Data items:
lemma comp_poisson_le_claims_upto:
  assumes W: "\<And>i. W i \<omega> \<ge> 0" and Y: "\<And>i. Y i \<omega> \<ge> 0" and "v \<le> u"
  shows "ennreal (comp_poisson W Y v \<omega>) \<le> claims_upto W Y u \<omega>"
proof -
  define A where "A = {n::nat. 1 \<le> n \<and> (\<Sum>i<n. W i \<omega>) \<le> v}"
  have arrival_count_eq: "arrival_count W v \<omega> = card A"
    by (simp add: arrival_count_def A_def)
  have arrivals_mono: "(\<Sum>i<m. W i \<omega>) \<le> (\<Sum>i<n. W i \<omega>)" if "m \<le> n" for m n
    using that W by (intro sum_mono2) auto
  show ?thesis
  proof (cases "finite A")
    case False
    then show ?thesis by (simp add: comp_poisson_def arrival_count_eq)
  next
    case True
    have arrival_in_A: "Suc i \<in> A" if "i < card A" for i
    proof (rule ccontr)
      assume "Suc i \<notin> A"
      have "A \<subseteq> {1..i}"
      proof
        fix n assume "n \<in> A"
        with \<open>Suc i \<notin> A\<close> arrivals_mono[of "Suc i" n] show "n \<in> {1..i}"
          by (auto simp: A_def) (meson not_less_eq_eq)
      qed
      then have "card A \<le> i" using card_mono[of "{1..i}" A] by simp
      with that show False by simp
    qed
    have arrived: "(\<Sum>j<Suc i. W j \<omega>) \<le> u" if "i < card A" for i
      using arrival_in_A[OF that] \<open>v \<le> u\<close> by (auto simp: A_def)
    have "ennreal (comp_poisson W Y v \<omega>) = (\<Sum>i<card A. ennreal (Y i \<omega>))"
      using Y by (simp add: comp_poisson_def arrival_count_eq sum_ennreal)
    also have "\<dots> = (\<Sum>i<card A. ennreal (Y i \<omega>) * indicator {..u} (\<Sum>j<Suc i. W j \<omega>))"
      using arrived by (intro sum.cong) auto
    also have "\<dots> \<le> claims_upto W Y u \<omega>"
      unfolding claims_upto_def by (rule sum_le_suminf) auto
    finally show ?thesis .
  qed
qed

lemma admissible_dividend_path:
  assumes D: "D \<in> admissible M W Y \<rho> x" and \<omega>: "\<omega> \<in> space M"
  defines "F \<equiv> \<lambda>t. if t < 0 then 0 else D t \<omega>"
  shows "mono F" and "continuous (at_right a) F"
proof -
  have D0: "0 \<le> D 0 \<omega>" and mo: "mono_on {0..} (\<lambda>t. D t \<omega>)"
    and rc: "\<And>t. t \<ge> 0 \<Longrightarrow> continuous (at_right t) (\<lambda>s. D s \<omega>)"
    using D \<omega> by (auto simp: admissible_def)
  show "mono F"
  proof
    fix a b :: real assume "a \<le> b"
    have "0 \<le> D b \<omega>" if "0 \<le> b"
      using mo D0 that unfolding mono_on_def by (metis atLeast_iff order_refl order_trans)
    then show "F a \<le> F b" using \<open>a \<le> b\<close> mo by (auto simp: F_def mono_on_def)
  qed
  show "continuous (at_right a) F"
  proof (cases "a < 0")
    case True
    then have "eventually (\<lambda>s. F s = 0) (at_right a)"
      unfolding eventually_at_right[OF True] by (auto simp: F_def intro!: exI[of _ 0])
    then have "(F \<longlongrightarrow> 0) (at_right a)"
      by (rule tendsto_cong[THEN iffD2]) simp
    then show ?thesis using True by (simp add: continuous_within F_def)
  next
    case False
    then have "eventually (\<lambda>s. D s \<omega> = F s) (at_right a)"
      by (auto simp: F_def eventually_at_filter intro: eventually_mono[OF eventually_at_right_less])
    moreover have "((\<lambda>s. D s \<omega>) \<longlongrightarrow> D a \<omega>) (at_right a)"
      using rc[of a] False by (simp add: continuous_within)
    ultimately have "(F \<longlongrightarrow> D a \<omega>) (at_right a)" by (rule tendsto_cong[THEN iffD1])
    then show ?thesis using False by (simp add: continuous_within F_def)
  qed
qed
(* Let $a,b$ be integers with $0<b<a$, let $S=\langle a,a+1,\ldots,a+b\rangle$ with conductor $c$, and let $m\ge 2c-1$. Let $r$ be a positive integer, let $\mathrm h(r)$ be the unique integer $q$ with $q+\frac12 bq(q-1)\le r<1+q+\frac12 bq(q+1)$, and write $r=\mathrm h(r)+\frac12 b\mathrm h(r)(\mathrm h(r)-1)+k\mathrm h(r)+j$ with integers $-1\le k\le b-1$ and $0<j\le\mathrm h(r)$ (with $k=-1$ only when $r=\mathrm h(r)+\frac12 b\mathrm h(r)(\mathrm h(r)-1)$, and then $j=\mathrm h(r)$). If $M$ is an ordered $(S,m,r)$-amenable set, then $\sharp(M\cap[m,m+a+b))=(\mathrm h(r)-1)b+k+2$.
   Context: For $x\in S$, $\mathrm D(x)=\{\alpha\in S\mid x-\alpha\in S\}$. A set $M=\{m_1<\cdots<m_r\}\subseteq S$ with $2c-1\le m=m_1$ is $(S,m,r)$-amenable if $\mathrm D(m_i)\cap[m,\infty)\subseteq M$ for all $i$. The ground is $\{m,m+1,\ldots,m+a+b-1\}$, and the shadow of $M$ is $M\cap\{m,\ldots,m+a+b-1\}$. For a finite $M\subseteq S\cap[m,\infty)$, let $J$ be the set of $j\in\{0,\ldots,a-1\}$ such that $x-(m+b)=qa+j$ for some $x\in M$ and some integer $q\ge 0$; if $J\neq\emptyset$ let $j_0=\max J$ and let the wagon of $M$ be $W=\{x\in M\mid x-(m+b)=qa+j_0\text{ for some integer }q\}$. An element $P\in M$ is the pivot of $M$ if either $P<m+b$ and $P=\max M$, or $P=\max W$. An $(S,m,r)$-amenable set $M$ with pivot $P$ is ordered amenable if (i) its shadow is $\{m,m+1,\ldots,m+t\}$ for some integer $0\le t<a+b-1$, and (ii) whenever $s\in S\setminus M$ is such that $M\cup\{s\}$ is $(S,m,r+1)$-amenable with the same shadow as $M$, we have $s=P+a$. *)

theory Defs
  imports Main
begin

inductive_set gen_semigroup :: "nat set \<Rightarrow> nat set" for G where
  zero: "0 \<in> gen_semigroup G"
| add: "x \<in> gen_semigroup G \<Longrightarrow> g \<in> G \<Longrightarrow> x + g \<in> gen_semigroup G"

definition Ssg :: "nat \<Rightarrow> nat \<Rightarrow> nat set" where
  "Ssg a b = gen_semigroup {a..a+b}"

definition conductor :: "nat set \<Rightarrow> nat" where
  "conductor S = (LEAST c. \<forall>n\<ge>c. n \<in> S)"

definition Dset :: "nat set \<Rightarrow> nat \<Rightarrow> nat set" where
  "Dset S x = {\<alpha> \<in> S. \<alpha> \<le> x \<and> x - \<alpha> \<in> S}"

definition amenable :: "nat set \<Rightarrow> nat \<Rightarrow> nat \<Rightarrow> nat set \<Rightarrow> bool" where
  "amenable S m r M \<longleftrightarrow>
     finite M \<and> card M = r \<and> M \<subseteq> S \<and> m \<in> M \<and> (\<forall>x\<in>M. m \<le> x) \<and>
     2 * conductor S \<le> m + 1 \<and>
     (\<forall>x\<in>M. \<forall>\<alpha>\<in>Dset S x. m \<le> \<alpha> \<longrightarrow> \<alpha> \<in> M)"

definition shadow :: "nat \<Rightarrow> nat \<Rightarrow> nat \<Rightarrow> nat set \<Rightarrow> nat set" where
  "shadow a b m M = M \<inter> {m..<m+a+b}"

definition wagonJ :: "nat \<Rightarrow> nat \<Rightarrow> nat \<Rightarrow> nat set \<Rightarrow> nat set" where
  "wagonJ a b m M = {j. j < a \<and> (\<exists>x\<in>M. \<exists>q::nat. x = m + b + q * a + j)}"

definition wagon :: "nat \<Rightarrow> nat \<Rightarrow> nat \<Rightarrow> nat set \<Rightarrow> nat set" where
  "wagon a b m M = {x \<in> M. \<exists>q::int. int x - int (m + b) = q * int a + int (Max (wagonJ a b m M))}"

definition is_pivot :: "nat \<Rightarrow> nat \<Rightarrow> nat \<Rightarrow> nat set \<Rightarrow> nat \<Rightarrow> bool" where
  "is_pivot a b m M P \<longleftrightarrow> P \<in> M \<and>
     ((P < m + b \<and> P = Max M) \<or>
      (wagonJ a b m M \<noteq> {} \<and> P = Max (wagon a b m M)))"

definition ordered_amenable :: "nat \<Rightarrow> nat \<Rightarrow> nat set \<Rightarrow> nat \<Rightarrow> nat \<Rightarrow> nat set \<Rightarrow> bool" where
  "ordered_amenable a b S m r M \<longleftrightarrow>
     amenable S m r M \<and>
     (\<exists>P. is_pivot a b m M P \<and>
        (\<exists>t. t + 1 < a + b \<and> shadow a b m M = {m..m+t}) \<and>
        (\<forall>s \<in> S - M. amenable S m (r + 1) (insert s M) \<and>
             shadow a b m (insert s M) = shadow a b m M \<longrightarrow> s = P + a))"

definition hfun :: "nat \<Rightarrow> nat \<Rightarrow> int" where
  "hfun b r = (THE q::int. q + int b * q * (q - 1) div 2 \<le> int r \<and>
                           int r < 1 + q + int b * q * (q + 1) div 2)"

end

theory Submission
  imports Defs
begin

--

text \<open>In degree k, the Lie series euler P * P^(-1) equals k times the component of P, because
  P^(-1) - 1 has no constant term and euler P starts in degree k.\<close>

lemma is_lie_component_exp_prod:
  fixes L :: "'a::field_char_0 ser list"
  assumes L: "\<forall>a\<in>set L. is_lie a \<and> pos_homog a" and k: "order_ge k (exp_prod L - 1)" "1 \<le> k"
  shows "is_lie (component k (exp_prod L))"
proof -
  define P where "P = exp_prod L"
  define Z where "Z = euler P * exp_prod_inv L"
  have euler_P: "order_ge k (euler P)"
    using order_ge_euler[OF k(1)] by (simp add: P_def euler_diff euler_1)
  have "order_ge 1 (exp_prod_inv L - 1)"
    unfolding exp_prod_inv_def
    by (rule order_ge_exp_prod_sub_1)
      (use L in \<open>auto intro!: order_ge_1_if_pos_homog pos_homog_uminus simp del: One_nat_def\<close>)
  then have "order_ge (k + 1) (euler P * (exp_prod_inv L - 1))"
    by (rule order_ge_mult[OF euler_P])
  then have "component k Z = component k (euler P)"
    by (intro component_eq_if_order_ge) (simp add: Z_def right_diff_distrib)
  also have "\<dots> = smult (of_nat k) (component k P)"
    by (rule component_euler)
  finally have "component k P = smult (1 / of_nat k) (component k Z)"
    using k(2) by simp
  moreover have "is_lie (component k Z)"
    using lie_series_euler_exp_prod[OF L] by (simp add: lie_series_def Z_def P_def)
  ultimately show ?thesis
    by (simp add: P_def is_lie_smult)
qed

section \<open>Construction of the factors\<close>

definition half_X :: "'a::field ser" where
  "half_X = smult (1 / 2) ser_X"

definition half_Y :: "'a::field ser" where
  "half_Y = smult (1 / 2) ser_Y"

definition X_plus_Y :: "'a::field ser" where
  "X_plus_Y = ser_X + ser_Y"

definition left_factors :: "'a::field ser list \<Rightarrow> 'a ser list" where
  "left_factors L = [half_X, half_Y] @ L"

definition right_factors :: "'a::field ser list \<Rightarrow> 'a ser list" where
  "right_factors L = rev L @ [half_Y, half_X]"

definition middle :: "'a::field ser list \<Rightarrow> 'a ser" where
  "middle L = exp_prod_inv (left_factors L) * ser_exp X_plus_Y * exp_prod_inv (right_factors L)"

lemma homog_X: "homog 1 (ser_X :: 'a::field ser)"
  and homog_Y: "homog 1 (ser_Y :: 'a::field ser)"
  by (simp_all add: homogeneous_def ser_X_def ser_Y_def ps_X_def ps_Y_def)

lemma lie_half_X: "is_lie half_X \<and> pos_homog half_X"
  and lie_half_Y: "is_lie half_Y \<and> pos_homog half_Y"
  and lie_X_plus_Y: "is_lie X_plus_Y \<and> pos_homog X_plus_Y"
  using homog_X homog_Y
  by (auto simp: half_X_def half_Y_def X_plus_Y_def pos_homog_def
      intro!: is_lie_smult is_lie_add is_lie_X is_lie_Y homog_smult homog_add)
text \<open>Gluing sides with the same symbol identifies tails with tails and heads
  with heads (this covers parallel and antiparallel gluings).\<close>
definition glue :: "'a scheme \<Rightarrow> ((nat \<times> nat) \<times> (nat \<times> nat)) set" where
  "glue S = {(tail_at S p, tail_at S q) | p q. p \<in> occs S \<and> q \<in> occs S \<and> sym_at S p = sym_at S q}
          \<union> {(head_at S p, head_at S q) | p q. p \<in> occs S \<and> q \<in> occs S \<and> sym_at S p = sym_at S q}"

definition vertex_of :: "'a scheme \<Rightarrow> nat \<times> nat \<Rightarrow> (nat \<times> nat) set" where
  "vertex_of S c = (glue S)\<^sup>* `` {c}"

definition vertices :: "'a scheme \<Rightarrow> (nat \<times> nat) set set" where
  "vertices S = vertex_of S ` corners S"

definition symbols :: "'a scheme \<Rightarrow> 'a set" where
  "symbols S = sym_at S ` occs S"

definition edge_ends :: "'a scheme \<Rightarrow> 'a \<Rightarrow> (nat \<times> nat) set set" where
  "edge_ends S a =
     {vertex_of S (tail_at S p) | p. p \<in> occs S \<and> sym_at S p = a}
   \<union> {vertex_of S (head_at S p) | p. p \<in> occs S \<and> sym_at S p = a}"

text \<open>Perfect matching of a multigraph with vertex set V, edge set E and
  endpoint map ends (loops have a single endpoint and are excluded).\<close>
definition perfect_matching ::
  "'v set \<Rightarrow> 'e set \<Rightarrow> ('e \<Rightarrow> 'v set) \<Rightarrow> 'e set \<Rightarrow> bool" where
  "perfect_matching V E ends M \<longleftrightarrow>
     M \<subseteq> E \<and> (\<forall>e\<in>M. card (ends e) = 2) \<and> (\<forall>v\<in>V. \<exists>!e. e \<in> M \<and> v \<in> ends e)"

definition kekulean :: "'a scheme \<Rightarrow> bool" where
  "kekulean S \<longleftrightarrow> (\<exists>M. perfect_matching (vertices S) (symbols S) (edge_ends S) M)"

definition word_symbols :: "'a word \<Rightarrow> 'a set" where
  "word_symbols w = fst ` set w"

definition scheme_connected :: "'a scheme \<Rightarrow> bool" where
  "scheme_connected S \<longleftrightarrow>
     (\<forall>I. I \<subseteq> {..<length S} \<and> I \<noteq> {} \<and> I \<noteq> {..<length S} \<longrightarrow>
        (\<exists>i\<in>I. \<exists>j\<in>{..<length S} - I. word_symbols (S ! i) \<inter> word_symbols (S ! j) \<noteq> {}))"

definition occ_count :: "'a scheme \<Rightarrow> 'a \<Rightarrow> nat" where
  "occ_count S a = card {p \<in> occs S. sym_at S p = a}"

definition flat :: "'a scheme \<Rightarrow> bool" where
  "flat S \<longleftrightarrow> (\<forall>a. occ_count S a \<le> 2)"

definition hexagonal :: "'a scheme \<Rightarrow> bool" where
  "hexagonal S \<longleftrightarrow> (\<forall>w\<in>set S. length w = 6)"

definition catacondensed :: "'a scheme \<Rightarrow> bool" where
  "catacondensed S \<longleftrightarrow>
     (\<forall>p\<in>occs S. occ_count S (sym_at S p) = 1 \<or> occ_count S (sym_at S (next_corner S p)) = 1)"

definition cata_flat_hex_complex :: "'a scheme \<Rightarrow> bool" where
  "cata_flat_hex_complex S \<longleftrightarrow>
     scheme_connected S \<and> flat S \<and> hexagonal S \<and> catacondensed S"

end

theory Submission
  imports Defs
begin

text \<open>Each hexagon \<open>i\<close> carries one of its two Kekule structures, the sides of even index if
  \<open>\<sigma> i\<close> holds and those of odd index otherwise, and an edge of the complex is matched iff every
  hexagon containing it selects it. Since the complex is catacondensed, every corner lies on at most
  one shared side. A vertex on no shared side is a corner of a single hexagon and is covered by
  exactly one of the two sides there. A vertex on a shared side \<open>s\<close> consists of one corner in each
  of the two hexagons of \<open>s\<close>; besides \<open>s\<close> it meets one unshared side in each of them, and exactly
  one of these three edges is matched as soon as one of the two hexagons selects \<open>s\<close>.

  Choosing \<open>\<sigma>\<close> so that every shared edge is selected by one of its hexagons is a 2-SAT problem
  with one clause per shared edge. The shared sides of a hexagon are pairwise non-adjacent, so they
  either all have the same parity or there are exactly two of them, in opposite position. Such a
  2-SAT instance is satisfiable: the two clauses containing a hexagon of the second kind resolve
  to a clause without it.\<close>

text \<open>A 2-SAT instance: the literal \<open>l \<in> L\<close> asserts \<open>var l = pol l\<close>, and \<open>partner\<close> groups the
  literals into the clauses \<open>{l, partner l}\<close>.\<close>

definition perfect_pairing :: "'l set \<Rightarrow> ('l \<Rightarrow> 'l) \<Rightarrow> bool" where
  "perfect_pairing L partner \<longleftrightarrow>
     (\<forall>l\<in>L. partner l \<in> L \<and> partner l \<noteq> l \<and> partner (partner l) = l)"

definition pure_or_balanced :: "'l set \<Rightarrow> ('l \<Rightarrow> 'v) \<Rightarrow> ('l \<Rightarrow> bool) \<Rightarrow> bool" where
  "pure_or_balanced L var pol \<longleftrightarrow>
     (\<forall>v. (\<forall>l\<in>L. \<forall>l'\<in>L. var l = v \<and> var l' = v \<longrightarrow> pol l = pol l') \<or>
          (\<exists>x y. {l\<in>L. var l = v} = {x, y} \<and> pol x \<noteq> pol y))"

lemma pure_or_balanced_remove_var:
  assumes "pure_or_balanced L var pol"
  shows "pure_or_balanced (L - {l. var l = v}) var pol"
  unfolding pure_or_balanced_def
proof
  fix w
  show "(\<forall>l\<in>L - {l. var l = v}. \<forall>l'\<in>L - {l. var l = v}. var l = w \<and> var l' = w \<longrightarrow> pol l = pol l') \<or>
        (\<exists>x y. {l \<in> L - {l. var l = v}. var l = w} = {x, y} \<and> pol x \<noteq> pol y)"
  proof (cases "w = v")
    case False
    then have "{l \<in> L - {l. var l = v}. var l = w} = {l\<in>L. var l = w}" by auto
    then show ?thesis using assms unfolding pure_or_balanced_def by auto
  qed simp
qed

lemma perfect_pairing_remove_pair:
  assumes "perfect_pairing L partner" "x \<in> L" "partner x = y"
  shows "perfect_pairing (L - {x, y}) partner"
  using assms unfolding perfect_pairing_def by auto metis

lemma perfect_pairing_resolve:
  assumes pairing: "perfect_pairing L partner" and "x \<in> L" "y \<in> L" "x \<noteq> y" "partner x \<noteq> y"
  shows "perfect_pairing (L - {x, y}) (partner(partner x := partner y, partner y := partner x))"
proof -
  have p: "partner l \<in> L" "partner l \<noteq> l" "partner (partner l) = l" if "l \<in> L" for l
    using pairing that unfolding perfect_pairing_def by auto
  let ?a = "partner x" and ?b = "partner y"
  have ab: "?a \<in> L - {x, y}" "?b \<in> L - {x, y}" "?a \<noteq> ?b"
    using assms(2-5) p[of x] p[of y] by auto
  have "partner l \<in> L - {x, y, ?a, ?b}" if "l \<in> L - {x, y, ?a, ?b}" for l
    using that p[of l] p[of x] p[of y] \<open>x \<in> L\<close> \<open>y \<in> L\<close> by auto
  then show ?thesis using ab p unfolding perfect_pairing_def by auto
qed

...

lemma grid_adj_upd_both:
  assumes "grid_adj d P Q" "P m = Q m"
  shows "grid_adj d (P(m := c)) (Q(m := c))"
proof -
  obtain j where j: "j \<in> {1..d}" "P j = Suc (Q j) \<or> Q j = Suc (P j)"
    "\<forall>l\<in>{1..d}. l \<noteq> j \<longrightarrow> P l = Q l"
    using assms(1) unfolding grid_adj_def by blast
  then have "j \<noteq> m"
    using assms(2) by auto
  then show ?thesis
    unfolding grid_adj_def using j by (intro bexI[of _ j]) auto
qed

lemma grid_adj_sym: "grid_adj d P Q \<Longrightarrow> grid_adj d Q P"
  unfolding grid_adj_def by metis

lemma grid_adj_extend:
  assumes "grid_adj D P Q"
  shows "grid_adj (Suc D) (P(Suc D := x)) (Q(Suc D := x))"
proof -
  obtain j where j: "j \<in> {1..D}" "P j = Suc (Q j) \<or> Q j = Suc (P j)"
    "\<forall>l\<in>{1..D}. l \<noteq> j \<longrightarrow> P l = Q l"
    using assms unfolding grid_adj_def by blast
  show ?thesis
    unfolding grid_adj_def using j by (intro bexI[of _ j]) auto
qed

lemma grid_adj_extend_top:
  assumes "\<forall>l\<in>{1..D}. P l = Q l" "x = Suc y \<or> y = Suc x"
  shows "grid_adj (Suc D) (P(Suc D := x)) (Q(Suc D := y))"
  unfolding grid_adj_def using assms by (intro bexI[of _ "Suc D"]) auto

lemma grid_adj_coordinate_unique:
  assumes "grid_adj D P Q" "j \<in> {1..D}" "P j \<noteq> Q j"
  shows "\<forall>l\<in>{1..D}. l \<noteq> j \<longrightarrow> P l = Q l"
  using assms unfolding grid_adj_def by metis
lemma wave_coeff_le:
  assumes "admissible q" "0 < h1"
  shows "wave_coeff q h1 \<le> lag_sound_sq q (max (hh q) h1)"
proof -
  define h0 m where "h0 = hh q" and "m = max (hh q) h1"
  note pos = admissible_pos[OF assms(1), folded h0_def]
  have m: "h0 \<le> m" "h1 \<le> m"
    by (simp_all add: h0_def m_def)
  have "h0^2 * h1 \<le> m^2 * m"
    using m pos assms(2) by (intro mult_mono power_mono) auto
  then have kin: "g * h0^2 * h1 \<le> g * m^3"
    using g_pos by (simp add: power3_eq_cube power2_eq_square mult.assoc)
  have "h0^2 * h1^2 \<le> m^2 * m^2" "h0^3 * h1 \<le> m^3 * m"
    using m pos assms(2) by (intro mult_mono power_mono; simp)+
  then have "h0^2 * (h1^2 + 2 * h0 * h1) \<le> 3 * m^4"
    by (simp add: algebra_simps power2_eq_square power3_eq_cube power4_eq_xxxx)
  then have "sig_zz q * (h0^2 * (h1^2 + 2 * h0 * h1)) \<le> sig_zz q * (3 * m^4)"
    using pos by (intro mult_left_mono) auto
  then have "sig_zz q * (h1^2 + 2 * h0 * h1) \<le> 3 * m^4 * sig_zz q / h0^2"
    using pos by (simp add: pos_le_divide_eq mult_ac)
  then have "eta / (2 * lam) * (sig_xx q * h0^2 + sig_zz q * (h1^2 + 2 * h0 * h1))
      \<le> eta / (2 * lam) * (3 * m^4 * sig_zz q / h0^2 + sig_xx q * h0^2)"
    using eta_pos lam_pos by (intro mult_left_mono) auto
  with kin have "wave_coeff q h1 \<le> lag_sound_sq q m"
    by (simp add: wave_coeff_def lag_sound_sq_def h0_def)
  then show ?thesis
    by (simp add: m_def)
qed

> **EXERCISE**
What you return should be exactly the lines above, starting at the one with "L partner \<longleftrightarrow>" and ending at the one with "using pairing that", and nothing else.

> **SOLUTION**
  "perfect_pairing L partner \<longleftrightarrow>
     (\<forall>l\<in>L. partner l \<in> L \<and> partner l \<noteq> l \<and> partner (partner l) = l)"

definition pure_or_balanced :: "'l set \<Rightarrow> ('l \<Rightarrow> 'v) \<Rightarrow> ('l \<Rightarrow> bool) \<Rightarrow> bool" where
  "pure_or_balanced L var pol \<longleftrightarrow>
     (\<forall>v. (\<forall>l\<in>L. \<forall>l'\<in>L. var l = v \<and> var l' = v \<longrightarrow> pol l = pol l') \<or>
          (\<exists>x y. {l\<in>L. var l = v} = {x, y} \<and> pol x \<noteq> pol y))"

lemma pure_or_balanced_remove_var:
  assumes "pure_or_balanced L var pol"
  shows "pure_or_balanced (L - {l. var l = v}) var pol"
  unfolding pure_or_balanced_def
proof
  fix w
  show "(\<forall>l\<in>L - {l. var l = v}. \<forall>l'\<in>L - {l. var l = v}. var l = w \<and> var l' = w \<longrightarrow> pol l = pol l') \<or>
        (\<exists>x y. {l \<in> L - {l. var l = v}. var l = w} = {x, y} \<and> pol x \<noteq> pol y)"
  proof (cases "w = v")
    case False
    then have "{l \<in> L - {l. var l = v}. var l = w} = {l\<in>L. var l = w}" by auto
    then show ?thesis using assms unfolding pure_or_balanced_def by auto
  qed simp
qed

lemma perfect_pairing_remove_pair:
  assumes "perfect_pairing L partner" "x \<in> L" "partner x = y"
  shows "perfect_pairing (L - {x, y}) partner"
  using assms unfolding perfect_pairing_def by auto metis

lemma perfect_pairing_resolve:
  assumes pairing: "perfect_pairing L partner" and "x \<in> L" "y \<in> L" "x \<noteq> y" "partner x \<noteq> y"
  shows "perfect_pairing (L - {x, y}) (partner(partner x := partner y, partner y := partner x))"
proof -
  have p: "partner l \<in> L" "partner l \<noteq> l" "partner (partner l) = l" if "l \<in> L" for l
    using pairing that unfolding perfect_pairing_def by auto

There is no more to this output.